Indeed, that is how it may look right now, given the fact that no
one has ever mounted a decent-scale, sufficient-length prospective
study of the effects of plausibly-effective nutritional
interventions on mean IQ of a population. One does not know until
one tries -- and no one has tried.

> When measuring the intelligence of large groups of people with
> known kinship, the portion of the variance that is accounted by
> the kinship variable can be estimated. When the studies are done
> with children, lower estimates are found because there are many
> environmental variables that come into play from the family. When
> the familial, educational, nutritional, and other environmental
> variables are held constant, the heredity estimate emerges. In
> adults the estimate approaches 80%. 

Did the researchers control for (e.g.) intake of specific fatty
acids (DHA) that were not even known to have a relation to
cognitive abilities until, say, 5-10 years ago?
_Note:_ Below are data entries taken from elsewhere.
lemma V_nft_union_nft:
  assumes "monoid_variety V" "V_nft V T" "V_automaton V D" "wf_nft T" "wf_nfa D"
  shows "V_nft V (union_nft g z T D)"
  unfolding V_nft_def
proof (rule V_automaton_if_trans_rel_determined[OF assms(1) assms(2)[unfolded V_nft_def] assms(3)])
  show "finite (nfa_states (underlying (union_nft g z T D)))"
    using wf_union_nft[OF assms(4,5), of g z] by (simp add: wf_nft_def wf_nfa_def)
qed (simp add: trans_rel_union_nft)

subsection \<open>Product with an automaton\<close>

abbreviation decode_fst :: "nat \<Rightarrow> nat" where "decode_fst p \<equiv> fst (prod_decode p)"
abbreviation decode_snd :: "nat \<Rightarrow> nat" where "decode_snd p \<equiv> snd (prod_decode p)"

definition product_nft :: "('b \<Rightarrow> 'c) \<Rightarrow> (nat, 'a, 'b) nft \<Rightarrow> (nat, 'a) nfa \<Rightarrow> (nat, 'a, 'c) nft" where
  "product_nft g T D = \<lparr>nft_states = prod_encode ` (nft_states T \<times> nfa_states D),
     nft_init = (\<lambda>p. if decode_snd p \<in> nfa_init D then map_option (map g) (nft_init T (decode_fst p)) else None),
     nft_final = (\<lambda>p. if decode_snd p \<in> nfa_final D then map_option (map g) (nft_final T (decode_fst p)) else None),
     nft_delta = (\<lambda>p a q. if nfa_trans D (decode_snd p) a (decode_snd q)
                     then map_option (map g) (nft_delta T (decode_fst p) a (decode_fst q)) else None)\<rparr>"

lemma prod_encode_image_iff: "p \<in> prod_encode ` (A \<times> B) \<longleftrightarrow> decode_fst p \<in> A \<and> decode_snd p \<in> B"
proof
  assume "decode_fst p \<in> A \<and> decode_snd p \<in> B"
  then have "prod_decode p \<in> A \<times> B" by (simp add: mem_Times_iff)
  then show "p \<in> prod_encode ` (A \<times> B)" by (rule rev_image_eqI) simp
qed auto

lemma decode_eq_iff: "p = q \<longleftrightarrow> decode_fst p = decode_fst q \<and> decode_snd p = decode_snd q"
  by (metis prod.expand prod_decode_inverse)

lemma product_nft_simps:
  "p \<in> nft_states (product_nft g T D) \<longleftrightarrow> decode_fst p \<in> nft_states T \<and> decode_snd p \<in> nfa_states D"
  "nft_init (product_nft g T D) p =
     (if decode_snd p \<in> nfa_init D then map_option (map g) (nft_init T (decode_fst p)) else None)"
  "nft_final (product_nft g T D) p =
     (if decode_snd p \<in> nfa_final D then map_option (map g) (nft_final T (decode_fst p)) else None)"
  "nft_delta (product_nft g T D) p a q = (if nfa_trans D (decode_snd p) a (decode_snd q)
     then map_option (map g) (nft_delta T (decode_fst p) a (decode_fst q)) else None)"
  by (simp_all add: product_nft_def prod_encode_image_iff)

lemma is_path_product_nft_iff:
  "is_path (underlying (product_nft g T D)) qs u \<longleftrightarrow>
     is_path (underlying T) (map decode_fst qs) u \<and> is_path D (map decode_snd qs) u"
proof (induction u arbitrary: qs)
  case Nil
  then show ?case by (auto simp: is_path_Nil_iff product_nft_simps)
next
  case (Cons a u)
  then show ?case
    by (cases qs rule: remdups_adj.cases) (auto simp: product_nft_simps split: if_splits)
qed

lemma successful_run_product_nft_iff:
  "successful_run (underlying (product_nft g T D)) qs u \<longleftrightarrow>
     successful_run (underlying T) (map decode_fst qs) u \<and> successful_run D (map decode_snd qs) u"
  by (cases qs)
    (auto simp: successful_run_def is_path_product_nft_iff product_nft_simps last_map split: if_splits)

lemma run_output_product_nft:
  "is_path (underlying (product_nft g T D)) qs u \<Longrightarrow>
     run_output (product_nft g T D) qs u = map g (run_output T (map decode_fst qs) u)"
proof (induction u arbitrary: qs)
  case (Cons a u)
  then show ?case
    by (cases qs rule: remdups_adj.cases)
      (auto simp: product_nft_simps split: if_splits)
qed (auto simp: is_path_Nil_iff)

lemma run_result_product_nft:
  "successful_run (underlying (product_nft g T D)) qs u \<Longrightarrow>
     run_result (product_nft g T D) qs u = map g (run_result T (map decode_fst qs) u)"
  using run_output_product_nft[of g T D qs u]
  by (cases qs)
    (auto simp: successful_run_def run_result_def product_nft_simps last_map split: if_splits)

lemma map_decode_zip:
  "length ps = length rs \<Longrightarrow>
     map decode_fst (map prod_encode (zip ps rs)) = ps \<and> map decode_snd (map prod_encode (zip ps rs)) = rs"
  by (simp add: comp_def)

lemma map_decode_eq_imp_eq:
  "qs = qs'" if "map decode_fst qs = map decode_fst qs'" "map decode_snd qs = map decode_snd qs'"
proof -
  have "map prod_decode xs = zip (map decode_fst xs) (map decode_snd xs)" for xs
    by (induction xs) auto
  with that have "map prod_decode qs = map prod_decode qs'" by simp
  then show ?thesis by (simp add: inj_map_eq_map inj_prod_decode)
qed

lemma nft_rel_product_nft_iff:
  "(u, w) \<in> nft_rel (product_nft g T D) \<longleftrightarrow>
     (\<exists>w'. (u, w') \<in> nft_rel T \<and> w = map g w') \<and> u \<in> nfa_lang D"
proof
  assume "(u, w) \<in> nft_rel (product_nft g T D)"
  then obtain qs where "successful_run (underlying (product_nft g T D)) qs u"
    "w = run_result (product_nft g T D) qs u" by (auto simp: nft_rel_iff)
  then show "(\<exists>w'. (u, w') \<in> nft_rel T \<and> w = map g w') \<and> u \<in> nfa_lang D"
    by (auto simp: nft_rel_iff nfa_lang_def successful_run_product_nft_iff run_result_product_nft)
next
  assume "(\<exists>w'. (u, w') \<in> nft_rel T \<and> w = map g w') \<and> u \<in> nfa_lang D"
  then obtain ps rs where ps: "successful_run (underlying T) ps u" "w = map g (run_result T ps u)"
    and rs: "successful_run D rs u" by (auto simp: nft_rel_iff nfa_lang_def)
  then have "length ps = length rs"
    using is_path_length[of "underlying T" ps u] is_path_length[of D rs u] by (simp add: successful_run_def)
  then have "successful_run (underlying (product_nft g T D)) (map prod_encode (zip ps rs)) u \<and>
      w = run_result (product_nft g T D) (map prod_encode (zip ps rs)) u"
    using ps rs map_decode_zip[of ps rs] by (simp add: successful_run_product_nft_iff run_result_product_nft)
  then show "(u, w) \<in> nft_rel (product_nft g T D)"
    by (auto simp: nft_rel_iff)
qed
Our knowledge
of this stuff is still in its infancy. (And unfortunately may
remain in infancy, if civilization collapses.) The idea of making
a final pronouncement as to the relative contributions of
genetics and environment seems silly to me, at this point. We
don't yet know what the critical variables might be.

> I doubt that my comments will change the mind of any die-hard IQ
> environmentalist. I just wanted to clarify the issue for those
> that still evaluate the data.

Where are the "die-hard IQ environmentalists"?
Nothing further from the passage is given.